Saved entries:
::::::::
(* Let $\varrho,\sigma$ be density operators on a finite-dimensional Hilbert space $\mathcal H$ and $\alpha\in(0,1)$. Then \[ \limsup_{n\to\infty}\frac1nD_\alpha^{\mathrm{test}}(\varrho^{\otimes n}\|\sigma^{\otimes n})=\limsup_{n\to\infty}-\frac1n\log\min_{0\le T\le I}\Big\{\big(\operatorname{Tr}\varrho^{\otimes n}(I-T)\big)^{\frac{\alpha}{1-\alpha}}+\operatorname{Tr}\sigma^{\otimes n}T\Big\}, \] and the same equality holds with $\liminf$ in place of $\limsup$ on both sides (the minima being over operators $T$ on $\mathcal H^{\otimes n}$ with $0\le T\le I$). In particular, the limit on the left exists if and only if the limit on the right exists, in which case they are equal.
   Context: For probability vectors $p,q$ and $\alpha\in(0,1)$, $D_\alpha(p\|q)=\frac{1}{\alpha-1}\log\sum_x p(x)^\alpha q(x)^{1-\alpha}$. A test is an operator $0\le T\le I$; $\mathcal T(X):=(\operatorname{Tr}XT,\operatorname{Tr}X(I-T))$; $D_\alpha^{\mathrm{test}}(\varrho\|\sigma):=\max_{0\le T\le I}D_\alpha(\mathcal T(\varrho)\|\mathcal T(\sigma))$. *)

theory Defs
  imports "HOL-Library.Extended_Real" "HOL-Library.Liminf_Limsup"
    "Jordan_Normal_Form.Jordan_Normal_Form" "Jordan_Normal_Form.Schur_Decomposition"
begin

text \<open>Operators on an n-dimensional Hilbert space = complex n x n matrices.\<close>

definition mtrace :: "complex mat \<Rightarrow> complex" where
  "mtrace A = (\<Sum>i<dim_row A. A $$ (i, i))"

definition psd :: "nat \<Rightarrow> complex mat \<Rightarrow> bool" where
  "psd n A \<longleftrightarrow> A \<in> carrier_mat n n \<and> A = mat_adjoint A \<and>
     (\<forall>v \<in> carrier_vec n. (A *\<^sub>v v) \<bullet>c v \<in> \<real> \<and> 0 \<le> Re ((A *\<^sub>v v) \<bullet>c v))"

definition density :: "nat \<Rightarrow> complex mat \<Rightarrow> bool" where
  "density n A \<longleftrightarrow> psd n A \<and> mtrace A = 1"

definition is_test :: "nat \<Rightarrow> complex mat \<Rightarrow> bool" where
  "is_test n T \<longleftrightarrow> psd n T \<and> psd n (1\<^sub>m n - T)"

definition kron :: "complex mat \<Rightarrow> complex mat \<Rightarrow> complex mat" where
  "kron A B = mat (dim_row A * dim_row B) (dim_col A * dim_col B)
     (\<lambda>(i, j). A $$ (i div dim_row B, j div dim_col B) * B $$ (i mod dim_row B, j mod dim_col B))"

fun tpow :: "complex mat \<Rightarrow> nat \<Rightarrow> complex mat" where
  "tpow A 0 = 1\<^sub>m 1"
| "tpow A (Suc n) = kron (tpow A n) A"

definition renyi :: "real \<Rightarrow> ('x::finite \<Rightarrow> real) \<Rightarrow> ('x \<Rightarrow> real) \<Rightarrow> ereal" where
  "renyi \<alpha> p q = (let s = (\<Sum>x\<in>UNIV. p x powr \<alpha> * q x powr (1 - \<alpha>)) in
      if s = 0 then \<infinity> else ereal (ln s / (\<alpha> - 1)))"

text \<open>Test channel: X \<mapsto> (Tr X T, Tr X (I - T)); True indexes the first outcome.\<close>
definition test_map :: "nat \<Rightarrow> complex mat \<Rightarrow> complex mat \<Rightarrow> bool \<Rightarrow> real" where
  "test_map n T X = (\<lambda>b. if b then Re (mtrace (X * T)) else Re (mtrace (X * (1\<^sub>m n - T))))"

text \<open>Test-measured Renyi divergence (the maximum is attained, so it equals the supremum).\<close>
definition D_test :: "real \<Rightarrow> nat \<Rightarrow> complex mat \<Rightarrow> complex mat \<Rightarrow> ereal" where
  "D_test \<alpha> n \<rho> \<sigma> = (SUP T\<in>{T. is_test n T}. renyi \<alpha> (test_map n T \<rho>) (test_map n T \<sigma>))"

text \<open>min over tests of (Tr \<rho>(I-T))^(\<alpha>/(1-\<alpha>)) + Tr \<sigma>T (attained, so equals the infimum).\<close>
definition err_min :: "real \<Rightarrow> nat \<Rightarrow> complex mat \<Rightarrow> complex mat \<Rightarrow> real" where
  "err_min \<alpha> n \<rho> \<sigma> = (INF T\<in>{T. is_test n T}.
      Re (mtrace (\<rho> * (1\<^sub>m n - T))) powr (\<alpha> / (1 - \<alpha>)) + Re (mtrace (\<sigma> * T)))"

definition neg_log :: "real \<Rightarrow> ereal" where
  "neg_log x = (if x = 0 then \<infinity> else ereal (- ln x))"

end

theory Submission
  imports Defs "HOL-Analysis.Extended_Real_Limits"
begin

text \<open>For every n the two quantities differ by at most ln 4 / (1 - \<alpha>), so after division by n
  they have the same limsup and liminf. For a test T with error probabilities x = Tr \<rho>(I - T) and
  y = Tr \<sigma>T, the measured Renyi divergence is -log of the affinity
  (1 - x)^\<alpha> y^(1 - \<alpha>) + x^\<alpha> (1 - y)^(1 - \<alpha>), divided by 1 - \<alpha>. The affinity is at most
  2 (x^(\<alpha>/(1 - \<alpha>)) + y)^(1 - \<alpha>), and at least a quarter of the same expression taken at T or
  at I - T. On the operator side one only needs that tensor powers of density matrices are density
  matrices and that Tr P T \<ge> 0 for positive semidefinite P and T; both follow from writing a
  positive semidefinite matrix as a sum of rank-one matrices u u^*, which Cholesky-type
  elimination provides.\<close>

lemma neg_log_antimono:
  assumes "0 \<le> x" "x \<le> y" shows "neg_log y \<le> neg_log x"
  using assms by (auto simp: neg_log_def)

lemma ereal_less_neg_log_iff:
  assumes "0 \<le> x" shows "ereal B < neg_log x \<longleftrightarrow> x < exp (- B)"
  using assms ln_less_cancel_iff[of x "exp (- B)"] by (auto simp: neg_log_def)

lemma neg_log_INF:
  fixes e :: "'i \<Rightarrow> real"
  assumes "I \<noteq> {}" "\<And>i. i \<in> I \<Longrightarrow> 0 \<le> e i"
  shows "neg_log (INF i\<in>I. e i) = (SUP i\<in>I. neg_log (e i))"
proof (rule antisym)
  have bdd: "bdd_below (e ` I)" using assms(2) by (intro bdd_belowI[of _ 0]) auto
  have E0: "0 \<le> (INF i\<in>I. e i)" using assms by (intro cINF_greatest) auto
  show "(SUP i\<in>I. neg_log (e i)) \<le> neg_log (INF i\<in>I. e i)"
    using bdd E0 by (intro SUP_least neg_log_antimono cINF_lower) auto
  show "neg_log (INF i\<in>I. e i) \<le> (SUP i\<in>I. neg_log (e i))"
  proof (rule dense_le)
    fix z assume z: "z < neg_log (INF i\<in>I. e i)"
    show "z \<le> (SUP i\<in>I. neg_log (e i))"
    proof (cases z)
      case (real B)
      then obtain i where i: "i \<in> I" "e i < exp (- B)"
        using z E0 cINF_less_iff[OF assms(1) bdd] by (auto simp: ereal_less_neg_log_iff)
      then have "z < neg_log (e i)" using assms(2) by (simp add: real ereal_less_neg_log_iff)
      then show ?thesis using i(1) by (intro SUP_upper2[of i]) auto
    qed (use z in auto)
  qed
qed

lemma neg_log_le_of_powr_le:
  fixes u s p c :: real
  assumes "0 \<le> u" "0 < p" "0 < c" "u powr p \<le> c * s"
  shows "ereal (1 / p) * neg_log s \<le> neg_log u + ereal (ln c / p)"
proof (cases "u = 0")
  case False
  with assms have "0 < u" by simp
  with assms have "0 < c * s" using powr_gt_zero[of u p] by linarith
  with assms have "0 < s" by (simp add: zero_less_mult_iff)
  have "p * ln u \<le> ln c + ln s"
    using assms \<open>0 < u\<close> \<open>0 < s\<close> ln_le_cancel_iff[of "u powr p" "c * s"] by (simp add: ln_mult)
  then have "- ln s / p \<le> - ln u + ln c / p"
    using assms by (simp add: field_simps)
  then show ?thesis using \<open>0 < u\<close> \<open>0 < s\<close> by (simp add: neg_log_def)
qed (simp add: neg_log_def)

lemma neg_log_le_of_le_powr:
  fixes u s p c :: real
  assumes "0 \<le> u" "0 \<le> s" "0 < p" "0 < c" "s \<le> c * u powr p"
  shows "neg_log u \<le> ereal (1 / p) * neg_log s + ereal (ln c / p)"
proof (cases "s = 0")
  case False
  then have "0 < u" "0 < s" using assms by (auto intro: neq_le_trans)
  then have "ln s \<le> ln c + p * ln u"
    using assms ln_le_cancel_iff[of s "c * u powr p"] by (simp add: ln_mult)
  then have "- ln u \<le> - ln s / p + ln c / p"
    using assms by (simp add: field_simps)
  then show ?thesis using \<open>0 < u\<close> \<open>0 < s\<close> by (simp add: neg_log_def)
qed (use assms in \<open>simp add: neg_log_def\<close>)

section \<open>Affinity and error cost of a binary test\<close>

definition affinity :: "real \<Rightarrow> real \<Rightarrow> real \<Rightarrow> real" where
  "affinity a x y = (1 - x) powr a * y powr (1 - a) + x powr a * (1 - y) powr (1 - a)"

definition err_cost :: "real \<Rightarrow> real \<Rightarrow> real \<Rightarrow> real" where
  "err_cost a x y = x powr (a / (1 - a)) + y"

lemma affinity_compl: "affinity a (1 - x) (1 - y) = affinity a x y"
  by (simp add: affinity_def)

lemma powr_split_exponent:
  fixes x a :: real
  assumes "0 \<le> x" "a < 1" shows "x powr a = (x powr (a / (1 - a))) powr (1 - a)"
proof -
  have "a / (1 - a) * (1 - a) = a" using assms by (simp add: field_simps)
  then show ?thesis by (simp add: powr_powr)
qed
::::::::
**DIRECTIONS FOR THIS TASK**
Wherever the string "semidefinite" is found in the entries, copy the line it sits in.

**WRITTEN RESPONSE**
  matrices and that Tr P T \<ge> 0 for positive semidefinite P and T; both follow from writing a
  positive semidefinite matrix as a sum of rank-one matrices u u^*, which Cholesky-type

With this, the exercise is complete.